Saturday, January 20, 2018

A Brief History of House Cats (Part III)

If cats seem ambivalent towards us, as the quotations from cat fan-sites indicate, then it may be a reflection of the wildly mixed feelings humans, too, have shown cats over the millennia.
The ancient Egyptian reverence for cats is well-known—and well-documented in the archaeological record: scientists found a cat cemetery in Beni-Hassan brimming with 300,000 cat mummies. Bastet, an Egyptian goddess of love, had the head of a cat, and to be convicted of killing a cat in Egypt often meant a death sentence for the offender. Ancient Romans held a similar—albeit tempered and secularized—reverence for cats, which were seen as a symbol of liberty. In the Far East, cats were valued for the protection they offered treasured manuscripts from rodents.
For some reason, however, cats came to be demonized in Europe during the Middle Ages. They were seen by many as being affiliated with witches and the devil, and many were killed in an effort to ward off evil (an action that scholars think ironically helped to spread the plague, which was carried by rats). Not until the 1600s did the public image of cats begin to rally in the West.
Nowadays, of course, cats are superstars: the protagonists of comic strips and television shows. By the mid-90s, cat services and products had become a billion-dollar industry.
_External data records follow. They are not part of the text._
(* Let $n\in\mathbb N$ and let $(M,d)$ be a metric space with $d(x,y)\in\{0,1,\dots,n\}$ for all $x,y\in M$. Let $\mu\in ba(\widetilde M)$ be positive, let $\gamma\in(0,1)$, and let $A\subseteq\widetilde M$ be $\gamma$-cyclically monotonic. Then there exists a cyclically monotonic subset $B\subseteq A$ with $\mu(B)\ge\mu(A)-2n(1-\gamma)\mu(\widetilde M)$.
   Context: $\widetilde M=\{(x,y)\in M\times M:x\ne y\}$. $ba(\widetilde M)$ denotes the bounded finitely additive signed measures on the power set of $\widetilde M$. For $\gamma\in(0,1]$, $A\subseteq\widetilde M$ is $\gamma$-cyclically monotonic if for every finite sequence $(x_1,y_1),\dots,(x_k,y_k)\in A$, with $y_{k+1}=y_1$, $\sum_{i=1}^k\min\{d(x_i,y_{i+1})-\gamma d(x_i,y_i),\,d(y_i,y_{i+1})\}\ge0$. $A$ is cyclically monotonic if for every such finite sequence $\sum_{i=1}^k d(x_i,y_{i+1})\ge\sum_{i=1}^k d(x_i,y_i)$ (equivalently, $1$-cyclically monotonic). *)

theory Defs
  imports "HOL-Analysis.Analysis"
begin

definition Mtilde :: "'a set \<Rightarrow> ('a \<times> 'a) set" where
  "Mtilde M = {(x, y). x \<in> M \<and> y \<in> M \<and> x \<noteq> y}"

text \<open>Bounded finitely additive signed measures on the power set of a set S
  (values on sets outside Pow S are irrelevant).\<close>
definition ba :: "'b set \<Rightarrow> ('b set \<Rightarrow> real) set" where
  "ba S = {\<mu>. (\<forall>E F. E \<subseteq> S \<longrightarrow> F \<subseteq> S \<longrightarrow> E \<inter> F = {} \<longrightarrow> \<mu> (E \<union> F) = \<mu> E + \<mu> F)
              \<and> (\<exists>C. \<forall>E. E \<subseteq> S \<longrightarrow> \<bar>\<mu> E\<bar> \<le> C)}"

definition positive_on :: "'b set \<Rightarrow> ('b set \<Rightarrow> real) \<Rightarrow> bool" where
  "positive_on S \<mu> \<longleftrightarrow> (\<forall>E. E \<subseteq> S \<longrightarrow> 0 \<le> \<mu> E)"

text \<open>A finite sequence (x_1,y_1),...,(x_k,y_k) is given by x,y :: nat => 'a on indices 0..k-1,
  with y_{k+1} = y_1 realised by index (i+1) mod k.\<close>
definition gamma_cyclically_monotonic ::
  "('a \<Rightarrow> 'a \<Rightarrow> real) \<Rightarrow> real \<Rightarrow> ('a \<times> 'a) set \<Rightarrow> bool" where
  "gamma_cyclically_monotonic d \<gamma> A \<longleftrightarrow>
     (\<forall>k::nat. \<forall>x y :: nat \<Rightarrow> 'a. 1 \<le> k \<longrightarrow> (\<forall>i<k. (x i, y i) \<in> A) \<longrightarrow>
        0 \<le> (\<Sum>i<k. min (d (x i) (y ((i + 1) mod k)) - \<gamma> * d (x i) (y i))
                         (d (y i) (y ((i + 1) mod k)))))"

definition cyclically_monotonic ::
  "('a \<Rightarrow> 'a \<Rightarrow> real) \<Rightarrow> ('a \<times> 'a) set \<Rightarrow> bool" where
  "cyclically_monotonic d A \<longleftrightarrow>
     (\<forall>k::nat. \<forall>x y :: nat \<Rightarrow> 'a. 1 \<le> k \<longrightarrow> (\<forall>i<k. (x i, y i) \<in> A) \<longrightarrow>
        (\<Sum>i<k. d (x i) (y i)) \<le> (\<Sum>i<k. d (x i) (y ((i + 1) mod k))))"

end

(* Rockafellar's construction turns the gamma-cyclic monotonicity of A into a potential p that is
   1-Lipschitz on M and satisfies p y - p x >= gamma d(x,y) on A: minus p z is the infimum of the
   costs of chains of pairs of A leading from z to a fixed base point. As d is integer-valued, every
   rounded potential floor(p + j/m) is still 1-Lipschitz, so the pairs on which it is tight form a
   cyclically monotonic set (the cyclic sums telescope). A pair of A fails to be tight only if the
   fractional part of p y + j/m is below d(x,y) - (p y - p x) <= n (1 - gamma) <= 1/m, which happens
   for at most one j < m. So the m sets of non-tight pairs are disjoint, and one of them has measure
   at most mu(M~)/m <= 2 n (1 - gamma) mu(M~). *)

theory Submission
  imports Defs
begin

lemma ba_additive:
  "\<mu> \<in> ba S \<Longrightarrow> E \<subseteq> S \<Longrightarrow> F \<subseteq> S \<Longrightarrow> E \<inter> F = {} \<Longrightarrow> \<mu> (E \<union> F) = \<mu> E + \<mu> F"
  unfolding ba_def by blast

lemma ba_empty: "\<mu> \<in> ba S \<Longrightarrow> \<mu> {} = 0"
  using ba_additive[of \<mu> S "{}" "{}"] by simp

lemma ba_Diff:
  assumes "\<mu> \<in> ba S" "E \<subseteq> F" "F \<subseteq> S"
  shows "\<mu> (F - E) = \<mu> F - \<mu> E"
proof -
  have "\<mu> (E \<union> (F - E)) = \<mu> E + \<mu> (F - E)"
    using assms by (intro ba_additive[OF assms(1)]) auto
  then show ?thesis
    using assms(2) by (simp add: Un_absorb1)
qed

lemma ba_mono:
  assumes "\<mu> \<in> ba S" "positive_on S \<mu>" "E \<subseteq> F" "F \<subseteq> S"
  shows "\<mu> E \<le> \<mu> F"
proof -
  have "0 \<le> \<mu> (F - E)"
    using assms(2,4) unfolding positive_on_def by blast
  then show ?thesis
    using ba_Diff[OF assms(1,3,4)] by simp
qed

lemma ba_finite_UN:
  assumes "\<mu> \<in> ba S" "finite I" "disjoint_family_on R I" "\<And>j. j \<in> I \<Longrightarrow> R j \<subseteq> S"
  shows "\<mu> (\<Union>j\<in>I. R j) = (\<Sum>j\<in>I. \<mu> (R j))"
  using assms(2,3,4)
proof (induction I rule: finite_induct)
  case empty
  show ?case using ba_empty[OF assms(1)] by simp
next
  case (insert i I)
  then have "R i \<inter> (\<Union>j\<in>I. R j) = {}" "disjoint_family_on R I"
    by (simp_all add: disjoint_family_on_insert)
  moreover have "(\<Union>j\<in>I. R j) \<subseteq> S"
    using insert.prems(2) by blast
  ultimately show ?case
    using insert ba_additive[OF assms(1), of "R i" "\<Union>j\<in>I. R j"] by simp
qed

lemma ba_disjoint_family_obtain_small:
  assumes "\<mu> \<in> ba S" "positive_on S \<mu>" "finite I" "I \<noteq> {}"
    and "disjoint_family_on R I" "\<And>j. j \<in> I \<Longrightarrow> R j \<subseteq> S"
  obtains j where "j \<in> I" "\<mu> (R j) \<le> \<mu> S / card I"
proof -
  have "\<exists>j\<in>I. \<mu> (R j) \<le> \<mu> S / card I"
  proof (rule ccontr)
    assume "\<not> ?thesis"
    then have "(\<Sum>j\<in>I. \<mu> S / card I) < (\<Sum>j\<in>I. \<mu> (R j))"
      using assms(3,4) by (intro sum_strict_mono) (auto simp: not_le)
    also have "\<dots> = \<mu> (\<Union>j\<in>I. R j)"
      using ba_finite_UN[OF assms(1,3,5,6)] by simp
    also have "\<dots> \<le> \<mu> S"
      using assms(6) by (intro ba_mono[OF assms(1,2)]) auto
    finally show False
      using assms(3,4) by simp
  qed
  then show thesis
    using that by blast
qed

(* The cost of the path z, y_1, x_1, y_2, x_2, ..., y_k, x_k, w for ps = [(x_1, y_1), ..., (x_k, y_k)],
   where each step from y_i back to x_i earns the rebate gamma d(x_i, y_i). *)
fun chain_cost :: "('a \<Rightarrow> 'a \<Rightarrow> real) \<Rightarrow> real \<Rightarrow> 'a \<Rightarrow> ('a \<times> 'a) list \<Rightarrow> 'a \<Rightarrow> real" where
  "chain_cost d \<gamma> z [] w = d z w"
| "chain_cost d \<gamma> z ((x, y) # ps) w = d z y - \<gamma> * d x y + chain_cost d \<gamma> x ps w"

lemma chain_cost_eq_sum:
  "chain_cost d \<gamma> z ps w = d z ((map snd ps @ [w]) ! 0) +
     (\<Sum>i<length ps. d (fst (ps ! i)) ((map snd ps @ [w]) ! Suc i) - \<gamma> * d (fst (ps ! i)) (snd (ps ! i)))"
proof (induction ps arbitrary: z)
  case Nil
  show ?case by simp
next
  case (Cons p ps)
  then show ?case
    by (cases p) (simp add: sum.lessThan_Suc_shift del: sum.lessThan_Suc)
qed

lemma chain_cost_closed_nonneg:
  assumes "Metric_space M d" "A \<subseteq> M \<times> M" "gamma_cyclically_monotonic d \<gamma> A"
    and "set ps \<subseteq> A" "z \<in> M" "w \<in> M"
  shows "0 \<le> chain_cost d \<gamma> z ps w + d w z"
proof (cases "ps = []")
  case True
  then show ?thesis
    using Metric_space.nonneg[OF assms(1), of z w] Metric_space.nonneg[OF assms(1), of w z] by simp
next
  case False
  then obtain m where k: "length ps = Suc m"
    by (cases ps) auto
  define X where "X i = fst (ps ! i)" for i
  define Y where "Y i = snd (ps ! i)" for i
  have in_A: "\<forall>i<Suc m. (X i, Y i) \<in> A"
    using assms(4) k unfolding X_def Y_def by (metis nth_mem prod.collapse subsetD)
  have in_M: "X i \<in> M \<and> Y i \<in> M" if "i \<le> m" for i
  proof -
    have "(X i, Y i) \<in> A"
      using in_A that by simp
    then show ?thesis
      using assms(2) by blast
  qed
  let ?step = "\<lambda>i. d (X i) (Y (Suc i)) - \<gamma> * d (X i) (Y i)"
  have "0 \<le> (\<Sum>i<Suc m. min (d (X i) (Y ((i + 1) mod Suc m)) - \<gamma> * d (X i) (Y i))
                              (d (Y i) (Y ((i + 1) mod Suc m))))"
    using assms(3)[unfolded gamma_cyclically_monotonic_def, rule_format, of "Suc m" X Y] in_A
    by simp
  also have "\<dots> \<le> (\<Sum>i<Suc m. d (X i) (Y ((i + 1) mod Suc m)) - \<gamma> * d (X i) (Y i))"
    by (intro sum_mono) simp
  also have "\<dots> = (\<Sum>i<m. ?step i) + d (X m) (Y 0) - \<gamma> * d (X m) (Y m)"
    by simp
  also have "\<dots> \<le> (\<Sum>i<m. ?step i) + d (X m) w + d w z + d z (Y 0) - \<gamma> * d (X m) (Y m)"
  proof -
    have "d (X m) (Y 0) \<le> d (X m) w + d w (Y 0)" "d w (Y 0) \<le> d w z + d z (Y 0)"
      using Metric_space.triangle[OF assms(1)] in_M[of m] in_M[of 0] assms(5,6) by auto
    then show ?thesis
      by linarith
  qed
  also have "\<dots> = chain_cost d \<gamma> z ps w + d w z"
    unfolding chain_cost_eq_sum k
    by (simp add: nth_append k X_def Y_def)
  finally show ?thesis .
qed

lemma chain_cost_le_dist_plus:
  assumes "Metric_space M d" "A \<subseteq> M \<times> M" "set ps \<subseteq> A" "u \<in> M" "v \<in> M" "w \<in> M"
  shows "chain_cost d \<gamma> u ps w \<le> d u v + chain_cost d \<gamma> v ps w"
proof (cases ps)
  case Nil
  then show ?thesis
    using assms by (simp add: Metric_space.triangle)
next
  case (Cons p qs)
  then have "snd p \<in> M"
    using assms(2,3) by auto
  then show ?thesis
    using Cons assms(1,4,5) by (cases p) (simp add: Metric_space.triangle)
qed

definition chain_potential :: "('a \<Rightarrow> 'a \<Rightarrow> real) \<Rightarrow> real \<Rightarrow> ('a \<times> 'a) set \<Rightarrow> 'a \<Rightarrow> 'a \<Rightarrow> real" where
  "chain_potential d \<gamma> A z0 z = - Inf {chain_cost d \<gamma> z ps z0 | ps. set ps \<subseteq> A}"

lemma chain_potential_ge:
  assumes "Metric_space M d" "A \<subseteq> M \<times> M" "gamma_cyclically_monotonic d \<gamma> A"
    and "z0 \<in> M" "z \<in> M" "set ps \<subseteq> A"
  shows "- chain_cost d \<gamma> z ps z0 \<le> chain_potential d \<gamma> A z0 z"
proof -
  have "- d z0 z \<le> chain_cost d \<gamma> z qs z0" if "set qs \<subseteq> A" for qs
    using chain_cost_closed_nonneg[OF assms(1-3) that assms(5,4)] by simp
  then have "bdd_below {chain_cost d \<gamma> z ps z0 | ps. set ps \<subseteq> A}"
    by (intro bdd_belowI[of _ "- d z0 z"]) blast
  then have "Inf {chain_cost d \<gamma> z ps z0 | ps. set ps \<subseteq> A} \<le> chain_cost d \<gamma> z ps z0"
    using assms(6) by (intro cInf_lower) auto
  then show ?thesis
    unfolding chain_potential_def by simp
qed

lemma chain_potential_le:
  assumes "\<And>ps. set ps \<subseteq> A \<Longrightarrow> a \<le> chain_cost d \<gamma> z ps z0"
  shows "chain_potential d \<gamma> A z0 z \<le> - a"
proof -
  have "a \<le> Inf {chain_cost d \<gamma> z ps z0 | ps. set ps \<subseteq> A}"
    using assms by (intro cInf_greatest) (auto intro: exI[of _ "[]"])
  then show ?thesis
    unfolding chain_potential_def by simp
qed

lemma chain_potential_lipschitz:
  assumes "Metric_space M d" "A \<subseteq> M \<times> M" "gamma_cyclically_monotonic d \<gamma> A"
    and "z0 \<in> M" "u \<in> M" "v \<in> M"
  shows "chain_potential d \<gamma> A z0 v - chain_potential d \<gamma> A z0 u \<le> d u v"
proof -
  have "- chain_potential d \<gamma> A z0 u - d u v \<le> chain_cost d \<gamma> v ps z0" if "set ps \<subseteq> A" for ps
    using chain_potential_ge[OF assms(1-5) that] chain_cost_le_dist_plus[OF assms(1,2) that assms(5,6,4), of \<gamma>]
    by linarith
  then show ?thesis
    using chain_potential_le[of A "- chain_potential d \<gamma> A z0 u - d u v"] by fastforce
qed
And yet, even in our popular culture, a bit of the age-old ambivalence remains. The cat doesn’t seem to be able to entirely shake its association with evil: After all, how often do you see a movie’s maniacal arch-villain, as he lounges in a comfy chair and plots the world’s destruction, stroke the head of a Golden Retriever
Thanks to David Zax, SMITHSONIAN.COM, June 30, 2007

Thursday, January 4, 2018

A Brief History of House Cats (Part II)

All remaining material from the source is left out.